A 2008 study in the biobehavioural health department at Pennsylvania State University revealed that eating roughly a handful of pistachios a day lowered the blood pressure of participants. This was also shown to be true for walnuts, both for participants at rest and those under stress.
- Type: Best if organic and eaten raw, as cooking alters some of the nuts’ nutritional benefits. Avoid commercially roasted varieties as these are sometimes cooked in hydrogenated oils, which are full of unhealthy trans fats, or salted.

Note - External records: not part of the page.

(* There exist an environment $E$ and a total preorder $\succeq$ on $\Pi^E$ such that $\succeq\in\mathrm{Ord}_{\mathrm{FPR}}(E)$ but $\succeq\notin\mathrm{Ord}_{\mathrm{GOMORL}}(E)$.
   Context: An environment is a tuple $E=(\mathcal S,\mathcal A,\mathcal T,\mathcal I)$ where $\mathcal S,\mathcal A$ are finite nonempty sets, $\mathcal T:\mathcal S\times\mathcal A\to\Delta(\mathcal S)$ and $\mathcal I\in\Delta(\mathcal S)$. A policy is a map $\pi:\mathcal S\to\Delta(\mathcal A)$ (stationary, possibly stochastic); $\Pi^E$ denotes the set of all policies. A trajectory $\xi=(s_0,a_0,s_1,a_1,\dots)$ is generated under $\pi$ by $s_0\sim\mathcal I$, $a_t\sim\pi(s_t)$, $s_{t+1}\sim\mathcal T(s_t,a_t)$; $\mathbb E^\pi_\xi$ denotes expectation under this distribution. An objective-specification formalism $X$ assigns to each environment $E$ a set of objective specifications, each inducing a total preorder $\succeq$ on $\Pi^E$; $\mathrm{Ord}_X(E)$ is the set of total preorders so induced. A specification defining a scalar $J:\Pi^E\to\mathbb R$ induces $\pi_1\succeq\pi_2\iff J(\pi_1)\ge J(\pi_2)$. FPR: specification $(J)$ with $J:\Pi^E\to\mathbb R$ an arbitrary function. GOMORL: specification $(k,\mathcal R,\gamma,\succeq_J)$ with $k\in\mathbb N$, $\mathcal R:\mathcal S\times\mathcal A\times\mathcal S\to\mathbb R^k$ with components $\mathcal R_i$, $\gamma\in[0,1)$, $\succeq_J$ a total preorder on $\mathbb R^k$; with $\vec J(\pi)=(J_1(\pi),\dots,J_k(\pi))$, $J_i(\pi)=\mathbb E^\pi_\xi[\sum_{t=0}^\infty\gamma^t\mathcal R_i(s_t,a_t,s_{t+1})]$, it induces $\pi_1\succeq\pi_2\iff\vec J(\pi_1)\succeq_J\vec J(\pi_2)$. *)

theory Defs
  imports "HOL-Probability.Probability"
begin

definition is_env :: "nat set \<Rightarrow> nat set \<Rightarrow> (nat \<Rightarrow> nat \<Rightarrow> nat pmf) \<Rightarrow> nat pmf \<Rightarrow> bool" where
  "is_env S A T I \<longleftrightarrow> finite S \<and> S \<noteq> {} \<and> finite A \<and> A \<noteq> {} \<and>
     set_pmf I \<subseteq> S \<and> (\<forall>s\<in>S. \<forall>a\<in>A. set_pmf (T s a) \<subseteq> S)"

(* Pi^E: stationary stochastic policies S -> Delta(A); values outside S are
   fixed to undefined so that policies correspond exactly to maps on S. *)
definition policies :: "nat set \<Rightarrow> nat set \<Rightarrow> (nat \<Rightarrow> nat pmf) set" where
  "policies S A = {\<pi>. (\<forall>s\<in>S. set_pmf (\<pi> s) \<subseteq> A) \<and> (\<forall>s. s \<notin> S \<longrightarrow> \<pi> s = undefined)}"

(* distribution of the length-n trajectory prefix: list of transitions
   (s_t, a_t, s_{t+1}) for t < n, together with the current state s_n *)
fun traj :: "(nat \<Rightarrow> nat \<Rightarrow> nat pmf) \<Rightarrow> nat pmf \<Rightarrow> (nat \<Rightarrow> nat pmf) \<Rightarrow> nat
              \<Rightarrow> ((nat \<times> nat \<times> nat) list \<times> nat) pmf" where
  "traj T I \<pi> 0 = map_pmf (\<lambda>s. ([], s)) I"
| "traj T I \<pi> (Suc n) = bind_pmf (traj T I \<pi> n) (\<lambda>(h, s).
      bind_pmf (\<pi> s) (\<lambda>a. map_pmf (\<lambda>s'. (h @ [(s, a, s')], s')) (T s a)))"

definition disc_sum :: "real \<Rightarrow> (nat \<Rightarrow> nat \<Rightarrow> nat \<Rightarrow> real) \<Rightarrow> (nat \<times> nat \<times> nat) list \<Rightarrow> real" where
  "disc_sum \<gamma> r h = (\<Sum>t<length h. \<gamma> ^ t * (case h ! t of (s, a, s') \<Rightarrow> r s a s'))"

(* J(pi) = E[sum_t gamma^t r(s_t,a_t,s_{t+1})], as the limit of the expectations of
   the horizon-n truncations (monotone/dominated convergence; finite state space) *)
definition value_fn :: "(nat \<Rightarrow> nat \<Rightarrow> nat pmf) \<Rightarrow> nat pmf \<Rightarrow> real
     \<Rightarrow> (nat \<Rightarrow> nat \<Rightarrow> nat \<Rightarrow> real) \<Rightarrow> (nat \<Rightarrow> nat pmf) \<Rightarrow> real" where
  "value_fn T I \<gamma> r \<pi> = lim (\<lambda>n. measure_pmf.expectation (traj T I \<pi> n) (\<lambda>(h, s). disc_sum \<gamma> r h))"

definition total_preorder_on :: "'x set \<Rightarrow> ('x \<times> 'x) set \<Rightarrow> bool" where
  "total_preorder_on X r \<longleftrightarrow> r \<subseteq> X \<times> X \<and> (\<forall>x\<in>X. (x, x) \<in> r) \<and> trans r \<and>
     (\<forall>x\<in>X. \<forall>y\<in>X. (x, y) \<in> r \<or> (y, x) \<in> r)"

definition Ord_FPR :: "nat set \<Rightarrow> nat set \<Rightarrow> ((nat \<Rightarrow> nat pmf) \<times> (nat \<Rightarrow> nat pmf)) set set" where
  "Ord_FPR S A = {ord. \<exists>J :: (nat \<Rightarrow> nat pmf) \<Rightarrow> real.
      ord = {(p1, p2). p1 \<in> policies S A \<and> p2 \<in> policies S A \<and> J p1 \<ge> J p2}}"

(* Ord_GOMORL(E): reward vector R i (i < k), vectors in R^k as real lists of length k *)
definition Ord_GOMORL :: "nat set \<Rightarrow> nat set \<Rightarrow> (nat \<Rightarrow> nat \<Rightarrow> nat pmf) \<Rightarrow> nat pmf
      \<Rightarrow> ((nat \<Rightarrow> nat pmf) \<times> (nat \<Rightarrow> nat pmf)) set set" where
  "Ord_GOMORL S A T I = {ord. \<exists>(k::nat) (R :: nat \<Rightarrow> nat \<Rightarrow> nat \<Rightarrow> nat \<Rightarrow> real) (\<gamma>::real)
        (ordJ :: (real list \<times> real list) set).
      0 \<le> \<gamma> \<and> \<gamma> < 1 \<and> total_preorder_on {v. length v = k} ordJ \<and>
      ord = {(p1, p2). p1 \<in> policies S A \<and> p2 \<in> policies S A \<and>
               (map (\<lambda>i. value_fn T I \<gamma> (R i) p1) [0..<k],
                map (\<lambda>i. value_fn T I \<gamma> (R i) p2) [0..<k]) \<in> ordJ}}"

end

theory Submission
  imports Defs
begin

text \<open>A GOMORL specification only sees a policy through the distribution of the trajectories it
generates. If some state can never be reached, two policies that differ only there generate the
same trajectories, so every GOMORL-induced preorder ranks them as equivalent; an arbitrary
function on policies, however, may rank one strictly above the other.\<close>

lemma traj_state_in_closed:
  assumes "set_pmf I \<subseteq> R" and "\<And>s a. s \<in> R \<Longrightarrow> set_pmf (T s a) \<subseteq> R"
  shows "x \<in> set_pmf (traj T I \<pi> n) \<Longrightarrow> snd x \<in> R"
proof (induction n arbitrary: x)
  case 0
  then show ?case using assms(1) by auto
next
  case (Suc n)
  then obtain h s a where "(h, s) \<in> set_pmf (traj T I \<pi> n)" and "snd x \<in> set_pmf (T s a)"
    by (auto split: prod.splits)
  then show ?case using Suc.IH assms(2) by fastforce
qed

lemma traj_cong_closed:
  assumes "set_pmf I \<subseteq> R" and "\<And>s a. s \<in> R \<Longrightarrow> set_pmf (T s a) \<subseteq> R"
    and "\<And>s. s \<in> R \<Longrightarrow> \<pi> s = \<sigma> s"
  shows "traj T I \<pi> n = traj T I \<sigma> n"
proof (induction n)
  case 0
  show ?case by simp
next
  case (Suc n)
  show ?case
    unfolding traj.simps Suc
  proof (rule bind_pmf_cong[OF refl])
    fix x assume "x \<in> set_pmf (traj T I \<sigma> n)"
    with assms(1,2) have "snd x \<in> R" by (rule traj_state_in_closed[where T = T])
    then show "(case x of (h, s) \<Rightarrow> \<pi> s \<bind> (\<lambda>a. map_pmf (\<lambda>s'. (h @ [(s, a, s')], s')) (T s a))) =
               (case x of (h, s) \<Rightarrow> \<sigma> s \<bind> (\<lambda>a. map_pmf (\<lambda>s'. (h @ [(s, a, s')], s')) (T s a)))"
      using assms(3) by (cases x) auto
  qed
qed

lemma value_fn_cong_closed:
  assumes "set_pmf I \<subseteq> R" and "\<And>s a. s \<in> R \<Longrightarrow> set_pmf (T s a) \<subseteq> R"
    and "\<And>s. s \<in> R \<Longrightarrow> \<pi> s = \<sigma> s"
  shows "value_fn T I \<gamma> r \<pi> = value_fn T I \<gamma> r \<sigma>"
  unfolding value_fn_def using traj_cong_closed[OF assms] by simp

lemma Ord_GOMORL_equal_values_related:
  assumes "ord \<in> Ord_GOMORL S A T I" and "\<pi> \<in> policies S A" and "\<sigma> \<in> policies S A"
    and "\<And>\<gamma> r. value_fn T I \<gamma> r \<pi> = value_fn T I \<gamma> r \<sigma>"
  shows "(\<pi>, \<sigma>) \<in> ord"
proof -
  from assms(1) obtain k R \<gamma> ordJ where
    "total_preorder_on {v. length v = k} ordJ" and
    ord: "ord = {(p1, p2). p1 \<in> policies S A \<and> p2 \<in> policies S A \<and>
               (map (\<lambda>i. value_fn T I \<gamma> (R i) p1) [0..<k],
                map (\<lambda>i. value_fn T I \<gamma> (R i) p2) [0..<k]) \<in> ordJ}"
    unfolding Ord_GOMORL_def by blast
  then have "(map (\<lambda>i. value_fn T I \<gamma> (R i) \<sigma>) [0..<k],
              map (\<lambda>i. value_fn T I \<gamma> (R i) \<sigma>) [0..<k]) \<in> ordJ"
    unfolding total_preorder_on_def by simp
  then show ?thesis using ord assms(2-4) by simp
qed

lemma Ord_FPR_strict:
  assumes "\<pi> \<in> policies S A" and "\<sigma> \<in> policies S A" and "\<pi> \<noteq> \<sigma>"
  defines "ord \<equiv> {(p1, p2). p1 \<in> policies S A \<and> p2 \<in> policies S A \<and>
                    (if p1 = \<pi> then 1 else 0 :: real) \<ge> (if p2 = \<pi> then 1 else 0)}"
  shows "ord \<in> Ord_FPR S A" and "total_preorder_on (policies S A) ord" and "(\<sigma>, \<pi>) \<notin> ord"
proof -
  show "ord \<in> Ord_FPR S A"
    unfolding Ord_FPR_def ord_def by (intro CollectI exI[of _ "\<lambda>p. if p = \<pi> then 1 else 0"]) (rule refl)
  show "total_preorder_on (policies S A) ord"
    unfolding total_preorder_on_def ord_def trans_def by auto
  show "(\<sigma>, \<pi>) \<notin> ord"
    using assms(3) unfolding ord_def by simp
qed

theorem mainTheorem16:
  shows "\<exists>S A T I (ord :: ((nat \<Rightarrow> nat pmf) \<times> (nat \<Rightarrow> nat pmf)) set).
           is_env S A T I \<and> total_preorder_on (policies S A) ord \<and>
           ord \<in> Ord_FPR S A \<and> ord \<notin> Ord_GOMORL S A T I"
proof -
  define S :: "nat set" where "S = {0, 1}"
  define T :: "nat \<Rightarrow> nat \<Rightarrow> nat pmf" where "T = (\<lambda>s a. return_pmf 0)"
  define \<pi> :: "nat \<Rightarrow> nat pmf" where "\<pi> = (\<lambda>s. if s \<in> S then return_pmf 0 else undefined)"
  define \<sigma> :: "nat \<Rightarrow> nat pmf" where "\<sigma> = \<pi>(1 := return_pmf 1)"
  have env: "is_env S S T (return_pmf 0)"
    by (auto simp: is_env_def S_def T_def)
  have pols: "\<pi> \<in> policies S S" "\<sigma> \<in> policies S S"
    by (auto simp: policies_def \<pi>_def \<sigma>_def S_def)
  have "\<pi> 1 \<noteq> \<sigma> 1"
    by (simp add: \<pi>_def \<sigma>_def S_def)
  then have "\<pi> \<noteq> \<sigma>" by metis
  then obtain ord where ord: "ord \<in> Ord_FPR S S" "total_preorder_on (policies S S) ord"
    and "(\<sigma>, \<pi>) \<notin> ord"
    using Ord_FPR_strict[OF pols] by blast
  have "value_fn T (return_pmf 0) \<gamma> r \<sigma> = value_fn T (return_pmf 0) \<gamma> r \<pi>" for \<gamma> r
    by (rule value_fn_cong_closed[where R = "{0}"]) (auto simp: T_def \<sigma>_def)
  then have "ord \<notin> Ord_GOMORL S S T (return_pmf 0)"
    using Ord_GOMORL_equal_values_related[OF _ pols(2,1)] \<open>(\<sigma>, \<pi>) \<notin> ord\<close> by blast
  then show ?thesis using env ord by blast
qed

end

- Serving suggestion: 23 whole raw almonds or 49 dry pistachio nut kernels equates to approximately 163 calories per serve. A serve of English walnuts (one ounce or 14 halves) is roughly 185 calories. Always store nuts in the fridge for maximum freshness.
Spinach, broccoli, kale, romaine lettuce, Brussels sprouts, green peppers, green beans, peas, and zucchini – all of these dark green vegies contain B-complex vitamins, essential for the production of serotonin, a mood-enhancing neurotransmitter. High amounts of potassium are also typically present in these dark green vegetables, which studies have shown to be ideal for calming nerves. Duigan rates his faves as spinach and broccoli, as only 30 grams of spinach provides a huge 40 per cent of your daily magnesium requirement, and deficiencies in this mineral can trigger migraine headaches and fatigue. Broccoli is also a stress-soothing food as it has all the essential B vitamins plus the added benefits of folic acid, which scientific studies have shown can diminish feelings of stress and depression.
- Type: Duigan says the rule here is "the darker the better...so dark green rocket is better than pale green iceberg lettuce".
- Serving suggestion: Limit to one-and-a-half cups (cooked) a day if you're trying to lose weight or maintain your weight and have had difficulty in the past. Remember to individualise portion sizes depending on your activity level and metabolic needs.
Evidently, all of these foods listed above are not only extremely healthy, but also extremely delicious! Despite this knowledge, all of us, no matter how strong our willpower, struggle to resist turning to junk food to console ourselves when faced with stressful situations. But if you stick to munching on these highly nutritious, low fat, low sugar, low caffeine, vitamin and mineral-rich alternatives, your body and mind will thank you and that should be reward enough!